lemma exp_poly_eq_0_imp_coeffs_0:
  fixes P :: "'s \<Rightarrow> 'a::{field,ring_char_0} poly"
  assumes fin: "finite S" and inj: "inj_on \<beta> S" and nz: "\<And>s. s \<in> S \<Longrightarrow> \<beta> s \<noteq> 0"
    and zero: "\<And>j::nat. (\<Sum>s\<in>S. poly (P s) (of_nat j) * \<beta> s ^ j) = 0"
    and "s \<in> S"
  shows "P s = 0"
proof -
  have "\<forall>s\<in>S. P s = 0" using zero
  proof (induction "\<Sum>s\<in>S. poly_size (P s)" arbitrary: P rule: less_induct)
    case less
    show ?case
    proof (rule ccontr)
      assume "\<not> (\<forall>s\<in>S. P s = 0)"
      then obtain t where t: "t \<in> S" "P t \<noteq> 0" by auto
      define Q where "Q s = shift_combination (\<beta> s) (\<beta> t) (P s)" for s
      have "(\<Sum>s\<in>S. poly (Q s) (of_nat j) * \<beta> s ^ j) = 0" for j :: nat
        unfolding Q_def exp_poly_shift_combination less.prems by simp
      moreover have "(\<Sum>s\<in>S. poly_size (Q s)) < (\<Sum>s\<in>S. poly_size (P s))"
        using t unfolding Q_def
        by (intro sum_strict_mono_ex1[OF fin] ballI bexI[of _ t])
          (simp_all add: poly_size_shift_combination_le poly_size_shift_combination_less)
      ultimately have Q0: "\<forall>s\<in>S. Q s = 0"
        using less.hyps by blast
      have others: "P s = 0" if "s \<in> S" "s \<noteq> t" for s
      proof (rule ccontr)
        assume "P s \<noteq> 0"
        moreover have "\<beta> s \<noteq> \<beta> t"
          using inj that t(1) by (auto dest: inj_onD)
        ultimately have "coeff (Q s) (degree (P s)) \<noteq> 0"
          unfolding Q_def coeff_degree_shift_combination by simp
        then show False
          using Q0 that by simp
      qed
      have "poly (P t) (of_nat j) * \<beta> t ^ j = 0" for j :: nat
        unfolding less.prems[of j, symmetric]
        by (rule sum.remove[OF fin t(1), THEN trans, symmetric]) (simp add: others sum.neutral)
      then have "P t = 0"
        using nz[OF t(1)] by (intro poly_eq_0_if_nat_roots) simp
      with t show False by simp
    qed
  qed
  with \<open>s \<in> S\<close> show ?thesis by blast
qed

lemma exp_poly_progression_eq_0_imp_coeffs_0:
  fixes P :: "'s \<Rightarrow> 'a::{field,ring_char_0} poly"
  assumes "finite S" "inj_on (\<lambda>s. \<beta> s ^ l) S" "\<And>s. s \<in> S \<Longrightarrow> \<beta> s \<noteq> 0" "l > 0"
    and zero: "\<And>j. (\<Sum>s\<in>S. poly (P s) (of_nat (A + j * l)) * \<beta> s ^ (A + j * l)) = 0"
    and "s \<in> S"
  shows "P s = 0"
proof -
  define P' where "P' s = smult (\<beta> s ^ A) (pcompose (P s) [:of_nat A, of_nat l:])" for s
  have "(\<Sum>s\<in>S. poly (P' s) (of_nat j) * (\<beta> s ^ l) ^ j) = 0" for j
  proof -
    have "poly (P' s) (of_nat j) * (\<beta> s ^ l) ^ j
        = poly (P s) (of_nat (A + j * l)) * \<beta> s ^ (A + j * l)" for s
    proof -
      have "\<beta> s ^ (A + j * l) = \<beta> s ^ A * (\<beta> s ^ l) ^ j"
        by (simp add: power_add power_mult mult.commute[of j l])
      then show ?thesis
        by (simp add: P'_def poly_pcompose algebra_simps)
    qed
    then show ?thesis
      using zero by simp
  qed
  then have "P' s = 0"
    using assms by (intro exp_poly_eq_0_imp_coeffs_0[where \<beta> = "\<lambda>s. \<beta> s ^ l"]) simp_all
  then have "pcompose (P s) [:of_nat A, of_nat l:] = 0"
    using assms(3,6) by (simp add: P'_def)
  then show ?thesis
    by (rule pcompose_eq_0) (use \<open>l > 0\<close> in simp)
qed

definition truncate_exps :: "nat \<Rightarrow> (nat \<Rightarrow> int) \<Rightarrow> nat \<Rightarrow> int" where
  "truncate_exps r v = (\<lambda>j. if j < r then v j else 0)"

lemma mon_truncate_exps: "mon r \<gamma> (truncate_exps r v) = mon r \<gamma> v"
  unfolding mon_def truncate_exps_def by (rule prod.cong) auto

lemma mon_nonzero: "mult_independent r \<gamma> \<Longrightarrow> mon r \<gamma> v \<noteq> 0"
  unfolding mon_def mult_independent_def by (simp add: power_int_not_zero)

lemma mult_independent_inj_on_mon_power:
  assumes indep: "mult_independent r \<gamma>" and "l > 0"
  shows "inj_on (\<lambda>w. mon r \<gamma> w ^ l) (range (truncate_exps r))"
proof (rule inj_onI)
  fix w w' assume "w \<in> range (truncate_exps r)" "w' \<in> range (truncate_exps r)"
    and eq: "mon r \<gamma> w ^ l = mon r \<gamma> w' ^ l"
  have \<gamma>0: "\<gamma> j \<noteq> 0" if "j < r" for j
    using indep that unfolding mult_independent_def by blast
  have "mon r \<gamma> (\<lambda>j. (w j - w' j) * int l) = mon r \<gamma> w ^ l / mon r \<gamma> w' ^ l"
    unfolding mon_def prod_power_distrib prod_dividef[symmetric]
    by (rule prod.cong) (simp_all add: \<gamma>0 power_int_diff power_int_power' algebra_simps)
  also have "\<dots> = 1"
    using eq mon_nonzero[OF indep] by simp
  finally have "\<forall>j<r. w j = w' j"
    using indep \<open>l > 0\<close> unfolding mult_independent_def mon_def by fastforce
  with \<open>w \<in> _\<close> \<open>w' \<in> _\<close> show "w = w'"
    by (auto simp: truncate_exps_def)
qed

lemma U_coeff_truncate_exps:
  "U_coeff m r g \<zeta> e0 e a (truncate_exps r v) = U_coeff m r g \<zeta> e0 e a v"
  unfolding U_coeff_def truncate_exps_def by (rule sum.cong) auto

lemma U_zero_iff:
  "U_zero m r g \<zeta> e0 e a \<longleftrightarrow> (\<forall>i<m. U_coeff m r g \<zeta> e0 e a (truncate_exps r (e i)) = 0)"
proof -
  have "U_coeff m r g \<zeta> e0 e a v = 0"
    if "\<forall>i<m. U_coeff m r g \<zeta> e0 e a (truncate_exps r (e i)) = 0" for v
  proof (cases "\<exists>i<m. \<forall>j<r. e i j = v j")
    case True
    then obtain i where "i < m" "truncate_exps r (e i) = truncate_exps r v"
      by (auto simp: truncate_exps_def fun_eq_iff)
    with that show ?thesis
      by (metis U_coeff_truncate_exps)
  next
    case False
    then have "{i. i < m \<and> (\<forall>j<r. e i j = v j)} = {}"
      by auto
    then show ?thesis
      unfolding U_coeff_def by (simp only: sum.empty)
  qed
  then show ?thesis
    unfolding U_zero_def by blast
qed

lemma mod_add_mult_dvd:
  fixes M l :: nat
  assumes "M dvd l"
  shows "(A + j * l) mod M = A mod M"
  using assms by (auto elim!: dvdE simp: mult.left_commute)

lemma power_int_mult_cong:
  fixes \<zeta> :: "'a::field"
  assumes "\<zeta> ^ M = 1" "M > 0" "n mod M = a mod M"
  shows "\<zeta> powi (x * int n) = \<zeta> powi (x * int a)"
proof -
  have "\<zeta> \<noteq> 0"
    using assms(1,2) by (auto simp: power_0_left)
  have "int n mod int M = int a mod int M"
    using assms(3) by (metis of_nat_mod)
  then have "int M dvd int n - int a"
    by (simp add: mod_eq_dvd_iff)
  then obtain t where "int n - int a = int M * t"
    by (elim dvdE)
  then have "x * int n = x * int a + int M * (x * t)"
    by (simp add: algebra_simps)
  then have "\<zeta> powi (x * int n) = \<zeta> powi (x * int a) * (\<zeta> ^ M) powi (x * t)"
    using \<open>\<zeta> \<noteq> 0\<close> by (simp add: power_int_add power_int_mult)
  with assms(1) show ?thesis
    by simp
qed

lemma U_coeff_expansion:
  fixes u :: "nat \<Rightarrow> complex"
  assumes repr: "\<And>n. u n = (\<Sum>i<m. poly (g i) (of_nat n) * \<alpha> i ^ n)"
    and decomp: "\<And>i. i < m \<Longrightarrow> \<alpha> i = \<zeta> powi e0 i * mon r \<gamma> (e i)"
    and \<zeta>: "\<zeta> ^ M = 1" "M > 0" and n: "n mod M = a mod M"
  shows "u n = (\<Sum>w\<in>(\<lambda>i. truncate_exps r (e i)) ` {..<m}.
      poly (U_coeff m r g \<zeta> e0 e a w) (of_nat n) * mon r \<gamma> w ^ n)"
proof -
  define T where "T i = truncate_exps r (e i)" for i
  define c where "c i = \<zeta> powi (e0 i * int a)" for i
  have "\<alpha> i ^ n = c i * mon r \<gamma> (T i) ^ n" if "i < m" for i
    using power_int_mult_cong[OF \<zeta> n, of "e0 i"]
    by (simp add: decomp[OF that] T_def c_def mon_truncate_exps power_mult_distrib
        power_int_power')
  then have "u n = (\<Sum>i<m. (c i * poly (g i) (of_nat n)) * mon r \<gamma> (T i) ^ n)"
    unfolding repr by (intro sum.cong) simp_all
  also have "\<dots> = (\<Sum>w\<in>T ` {..<m}.
      \<Sum>i\<in>{i\<in>{..<m}. T i = w}. (c i * poly (g i) (of_nat n)) * mon r \<gamma> w ^ n)"
    by (subst sum.image_gen[of _ _ T]) auto
  also have "\<dots> = (\<Sum>w\<in>T ` {..<m}. poly (U_coeff m r g \<zeta> e0 e a w) (of_nat n) * mon r \<gamma> w ^ n)"
  proof (rule sum.cong[OF refl])
    fix w assume "w \<in> T ` {..<m}"
    then have "{i. i < m \<and> (\<forall>j<r. e i j = w j)} = {i\<in>{..<m}. T i = w}"
      by (auto simp: T_def truncate_exps_def fun_eq_iff)
    then show "(\<Sum>i\<in>{i\<in>{..<m}. T i = w}. (c i * poly (g i) (of_nat n)) * mon r \<gamma> w ^ n)
        = poly (U_coeff m r g \<zeta> e0 e a w) (of_nat n) * mon r \<gamma> w ^ n"
      by (simp add: U_coeff_def c_def poly_sum sum_distrib_right)
  qed
  finally show ?thesis
    unfolding T_def .
qed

::::

**What is required:** Scan the material for lines holding the word "assms", count them, and give the result alone.

**Written response:** 6